▶ **ACTIVITY**
Once the line containing "closed_sublattice_of H0 S" is found in the entries below, reproduce it and every line after it, stopping at and including the line containing "(\<forall>c. \<forall>f\<in>FBL. \<phi>"; reproduce nothing else, and keep each line exact.

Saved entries

(* Let $E$ be a real Banach space and $F\subseteq E$ a closed subspace which is the range of a linear projection $P:E\to F$ with $\|P\|\le1$. Then: (i) $FBL[F]$ is isometrically order isomorphic to a closed sublattice of $FBL[E]$; (ii) $FBL[F]^*$ is isometrically order isomorphic to a $w^*$-closed band of $FBL[E]^*$.
   Context: For a real Banach space $E$ with dual $E^*$ and closed unit ball $B_E$, let $H[E]$ be the vector space of all positively homogeneous functions $f:E^*\to\mathbb R$ ($f(\lambda x^* )=\lambda f(x^* )$ for $\lambda>0$). For $f\in H[E]$ put $\|f\|_{FBL[E]}:=\sup\{\sum_{k=1}^n|f(x_k^* )| : n\in\mathbb N,\ x_1^*,\dots,x_n^*\in E^*,\ \sup_{x\in B_E}\sum_{k=1}^n|x_k^*(x)|\le 1\}$. $H_0[E]:=\{f\in H[E]:\|f\|_{FBL[E]}<\infty\}$ is a Banach lattice with this norm and pointwise order/operations. For $x\in E$ let $\delta_x(x^* )=x^*(x)$. $FBL[E]$ is the closed sublattice of $H_0[E]$ generated by $\{\delta_x:x\in E\}$; $FBL[F]$ is defined likewise for the Banach space $F$. *)

theory Defs
  imports "HOL-Analysis.Analysis"
begin

text \<open>The dual E* of a real normed space
  of type 'a is the type of bounded linear functionals on 'a (blinfun).
  Elements of H[E] are real-valued functions on E*.\<close>

type_synonym 'a fblfun = "('a \<Rightarrow>\<^sub>L real) \<Rightarrow> real"

definition pos_homogeneous :: "'a::real_normed_vector fblfun \<Rightarrow> bool" where
  "pos_homogeneous f \<longleftrightarrow> (\<forall>xs (t::real). t > 0 \<longrightarrow> f (t *\<^sub>R xs) = t * f xs)"

definition fbl_sums :: "'a::real_normed_vector fblfun \<Rightarrow> real set" where
  "fbl_sums f = {(\<Sum>k<n. \<bar>f (xs k)\<bar>) | (n::nat) xs.
      \<forall>x. norm x \<le> 1 \<longrightarrow> (\<Sum>k<n. \<bar>blinfun_apply (xs k) x\<bar>) \<le> 1}"

definition fbl_norm :: "'a::real_normed_vector fblfun \<Rightarrow> real" where
  "fbl_norm f = Sup (fbl_sums f)"

definition H0 :: "'a::real_normed_vector fblfun set" where
  "H0 = {f. pos_homogeneous f \<and> bdd_above (fbl_sums f)}"

definition fbl_delta :: "'a::real_normed_vector \<Rightarrow> 'a fblfun" where
  "fbl_delta x = (\<lambda>xs. blinfun_apply xs x)"

definition closed_sublattice_of :: "'a::real_normed_vector fblfun set \<Rightarrow> 'a fblfun set \<Rightarrow> bool" where
  "closed_sublattice_of Y S \<longleftrightarrow> S \<subseteq> Y \<and> S \<noteq> {} \<and>
     (\<forall>f\<in>S. \<forall>g\<in>S. (\<lambda>xs. f xs + g xs) \<in> S) \<and>
     (\<forall>c::real. \<forall>f\<in>S. (\<lambda>xs. c * f xs) \<in> S) \<and>
     (\<forall>f\<in>S. \<forall>g\<in>S. (\<lambda>xs. max (f xs) (g xs)) \<in> S) \<and>
     (\<forall>f\<in>Y. (\<forall>\<epsilon>>0. \<exists>g\<in>S. fbl_norm (\<lambda>xs. f xs - g xs) < \<epsilon>) \<longrightarrow> f \<in> S)"

definition FBL :: "'a::real_normed_vector fblfun set" where
  "FBL = \<Inter> {S. closed_sublattice_of H0 S \<and> range fbl_delta \<subseteq> S}"

text \<open>Topological dual of FBL[E]: bounded linear functionals on FBL[E], represented
  canonically as functions vanishing outside FBL[E].\<close>
definition FBL_dual :: "('a::real_normed_vector fblfun \<Rightarrow> real) set" where
  "FBL_dual = {\<phi>. (\<forall>f\<in>FBL. \<forall>g\<in>FBL. \<phi> (\<lambda>xs. f xs + g xs) = \<phi> f + \<phi> g) \<and>
                  (\<forall>c. \<forall>f\<in>FBL. \<phi> (\<lambda>xs. c * f xs) = c * \<phi> f) \<and>
                  (\<exists>C. \<forall>f\<in>FBL. \<bar>\<phi> f\<bar> \<le> C * fbl_norm f) \<and>
                  (\<forall>f. f \<notin> FBL \<longrightarrow> \<phi> f = 0)}"

definition dual_norm :: "('a::real_normed_vector fblfun \<Rightarrow> real) \<Rightarrow> real" where
  "dual_norm \<phi> = Sup {\<bar>\<phi> f\<bar> | f. f \<in> FBL \<and> fbl_norm f \<le> 1}"

definition dual_le :: "('a::real_normed_vector fblfun \<Rightarrow> real) \<Rightarrow> ('a fblfun \<Rightarrow> real) \<Rightarrow> bool" where
  "dual_le \<phi> \<psi> \<longleftrightarrow> (\<forall>f\<in>FBL. (\<forall>xs. 0 \<le> f xs) \<longrightarrow> \<phi> f \<le> \<psi> f)"

definition dual_is_sup :: "('a::real_normed_vector fblfun \<Rightarrow> real) set \<Rightarrow> ('a fblfun \<Rightarrow> real) \<Rightarrow> bool" where
  "dual_is_sup A s \<longleftrightarrow> s \<in> FBL_dual \<and> (\<forall>a\<in>A. dual_le a s) \<and>
      (\<forall>u\<in>FBL_dual. (\<forall>a\<in>A. dual_le a u) \<longrightarrow> dual_le s u)"

text \<open>Ideal (solid subspace) of FBL[E]*; |\<phi>| is the supremum of {\<phi>, -\<phi>}.\<close>
definition dual_ideal :: "('a::real_normed_vector fblfun \<Rightarrow> real) set \<Rightarrow> bool" where
  "dual_ideal B \<longleftrightarrow> B \<subseteq> FBL_dual \<and> B \<noteq> {} \<and>
     (\<forall>\<phi>\<in>B. \<forall>\<psi>\<in>B. (\<lambda>f. \<phi> f + \<psi> f) \<in> B) \<and>
     (\<forall>c::real. \<forall>\<phi>\<in>B. (\<lambda>f. c * \<phi> f) \<in> B) \<and>
     (\<forall>\<psi>\<in>B. \<forall>\<phi>\<in>FBL_dual. \<forall>m n.
        dual_is_sup {\<psi>, (\<lambda>f. - \<psi> f)} m \<and> dual_is_sup {\<phi>, (\<lambda>f. - \<phi> f)} n \<and> dual_le n m
        \<longrightarrow> \<phi> \<in> B)"

definition dual_band :: "('a::real_normed_vector fblfun \<Rightarrow> real) set \<Rightarrow> bool" where
  "dual_band B \<longleftrightarrow> dual_ideal B \<and> (\<forall>A s. A \<subseteq> B \<and> dual_is_sup A s \<longrightarrow> s \<in> B)"

definition weak_star_closed :: "('a::real_normed_vector fblfun \<Rightarrow> real) set \<Rightarrow> bool" where
  "weak_star_closed B \<longleftrightarrow> B \<subseteq> FBL_dual \<and>
     (\<forall>\<phi>\<in>FBL_dual - B. \<exists>fs \<epsilon>. finite fs \<and> fs \<subseteq> FBL \<and> \<epsilon> > 0 \<and>
        (\<forall>\<psi>\<in>FBL_dual. (\<forall>f\<in>fs. \<bar>\<psi> f - \<phi> f\<bar> < \<epsilon>) \<longrightarrow> \<psi> \<notin> B))"

end

theory Submission
  imports Defs
begin

text \<open>Composition with the adjoints turns the isometric embedding \<open>J\<close> and the contractive
  projection \<open>P\<close> into contractive lattice homomorphisms \<open>\<hat>J : FBL[F] \<rightarrow> FBL[E]\<close> and
  \<open>\<hat>P : FBL[E] \<rightarrow> FBL[F]\<close> with \<open>\<hat>P \<hat>J = id\<close>. Hence \<open>\<hat>J\<close> is an isometric lattice embedding whose
  range is the fixed-point set of the lattice projection \<open>Q = \<hat>J \<hat>P\<close>, a closed set because FBL-norm
  limits are pointwise limits. Dually, \<open>\<hat>P\<^sup>*\<close> is an isometric order embedding of \<open>FBL[F]\<^sup>*\<close> onto the
  \<open>Q\<close>-invariant functionals. This range is weak* closed, and it is a band: a functional dominated by
  (the modulus of) an invariant one, or the supremum of invariant ones, vanishes on the positive
  elements of the kernel of \<open>Q\<close>, hence on the whole kernel, since \<open>Q\<close> commutes with \<open>max\<close>.\<close>

section \<open>The norm of \<open>H\<^sub>0[E]\<close>\<close>

definition fbl_admissible :: "nat \<Rightarrow> (nat \<Rightarrow> 'a::real_normed_vector \<Rightarrow>\<^sub>L real) \<Rightarrow> bool" where
  "fbl_admissible n xs \<longleftrightarrow> (\<forall>x. norm x \<le> 1 \<longrightarrow> (\<Sum>k<n. \<bar>blinfun_apply (xs k) x\<bar>) \<le> 1)"

lemma fbl_sums_iff:
  "s \<in> fbl_sums f \<longleftrightarrow> (\<exists>n xs. s = (\<Sum>k<n. \<bar>f (xs k)\<bar>) \<and> fbl_admissible n xs)"
  unfolding fbl_sums_def fbl_admissible_def by blast

lemma zero_in_fbl_sums: "0 \<in> fbl_sums f"
  unfolding fbl_sums_iff fbl_admissible_def by (rule exI[of _ 0]) auto

lemma fbl_sum_le_norm:
  assumes "f \<in> H0" "fbl_admissible n xs"
  shows "(\<Sum>k<n. \<bar>f (xs k)\<bar>) \<le> fbl_norm f"
  unfolding fbl_norm_def
  using assms unfolding H0_def by (intro cSup_upper) (auto simp: fbl_sums_iff)

lemma fbl_norm_nonneg: "f \<in> H0 \<Longrightarrow> 0 \<le> fbl_norm f"
  unfolding fbl_norm_def H0_def by (auto intro: cSup_upper zero_in_fbl_sums)

lemma bdd_above_fbl_sums:
  assumes "\<And>n xs. fbl_admissible n xs \<Longrightarrow> (\<Sum>k<n. \<bar>f (xs k)\<bar>) \<le> C"
  shows "bdd_above (fbl_sums f)"
  using assms by (auto simp: fbl_sums_iff intro!: bdd_aboveI[of _ C])

lemma pos_homogeneous_zero:
  assumes "pos_homogeneous f" shows "f 0 = 0"
proof -
  have "f ((2::real) *\<^sub>R 0) = 2 * f 0"
    using assms unfolding pos_homogeneous_def by (metis zero_less_numeral)
  then show ?thesis by simp
qed

lemma fbl_pointwise_bound:
  assumes "f \<in> H0"
  shows "\<bar>f xs\<bar> \<le> fbl_norm f * norm xs"
proof (cases "xs = 0")
  case True
  then show ?thesis using assms pos_homogeneous_zero unfolding H0_def by auto
next
  case False
  then have np: "norm xs > 0" by simp
  define u where "u = (1 / norm xs) *\<^sub>R xs"
  have "fbl_admissible 1 (\<lambda>_. u)"
    unfolding fbl_admissible_def
  proof (intro allI impI)
    fix x :: 'a assume "norm x \<le> 1"
    have "\<bar>blinfun_apply xs x\<bar> \<le> norm xs * norm x" using norm_blinfun[of xs x] by simp
    also have "\<dots> \<le> norm xs" using \<open>norm x \<le> 1\<close> np by (simp add: mult_left_le)
    finally have "\<bar>blinfun_apply u x\<bar> \<le> 1"
      using np by (simp add: u_def blinfun.scaleR_left abs_mult divide_le_eq)
    then show "(\<Sum>k<(1::nat). \<bar>blinfun_apply u x\<bar>) \<le> 1" by simp
  qed
  then have "\<bar>f u\<bar> \<le> fbl_norm f" using fbl_sum_le_norm[OF assms] by fastforce
  moreover have "f u = f xs / norm xs"
    using assms np unfolding H0_def pos_homogeneous_def u_def by auto
  ultimately show ?thesis using np by (simp add: abs_div divide_le_eq)
qed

▶ **EXERCISE SOLUTION**
  "FBL = \<Inter> {S. closed_sublattice_of H0 S \<and> range fbl_delta \<subseteq> S}"

text \<open>Topological dual of FBL[E]: bounded linear functionals on FBL[E], represented
  canonically as functions vanishing outside FBL[E].\<close>
definition FBL_dual :: "('a::real_normed_vector fblfun \<Rightarrow> real) set" where
  "FBL_dual = {\<phi>. (\<forall>f\<in>FBL. \<forall>g\<in>FBL. \<phi> (\<lambda>xs. f xs + g xs) = \<phi> f + \<phi> g) \<and>
                  (\<forall>c. \<forall>f\<in>FBL. \<phi> (\<lambda>xs. c * f xs) = c * \<phi> f) \<and>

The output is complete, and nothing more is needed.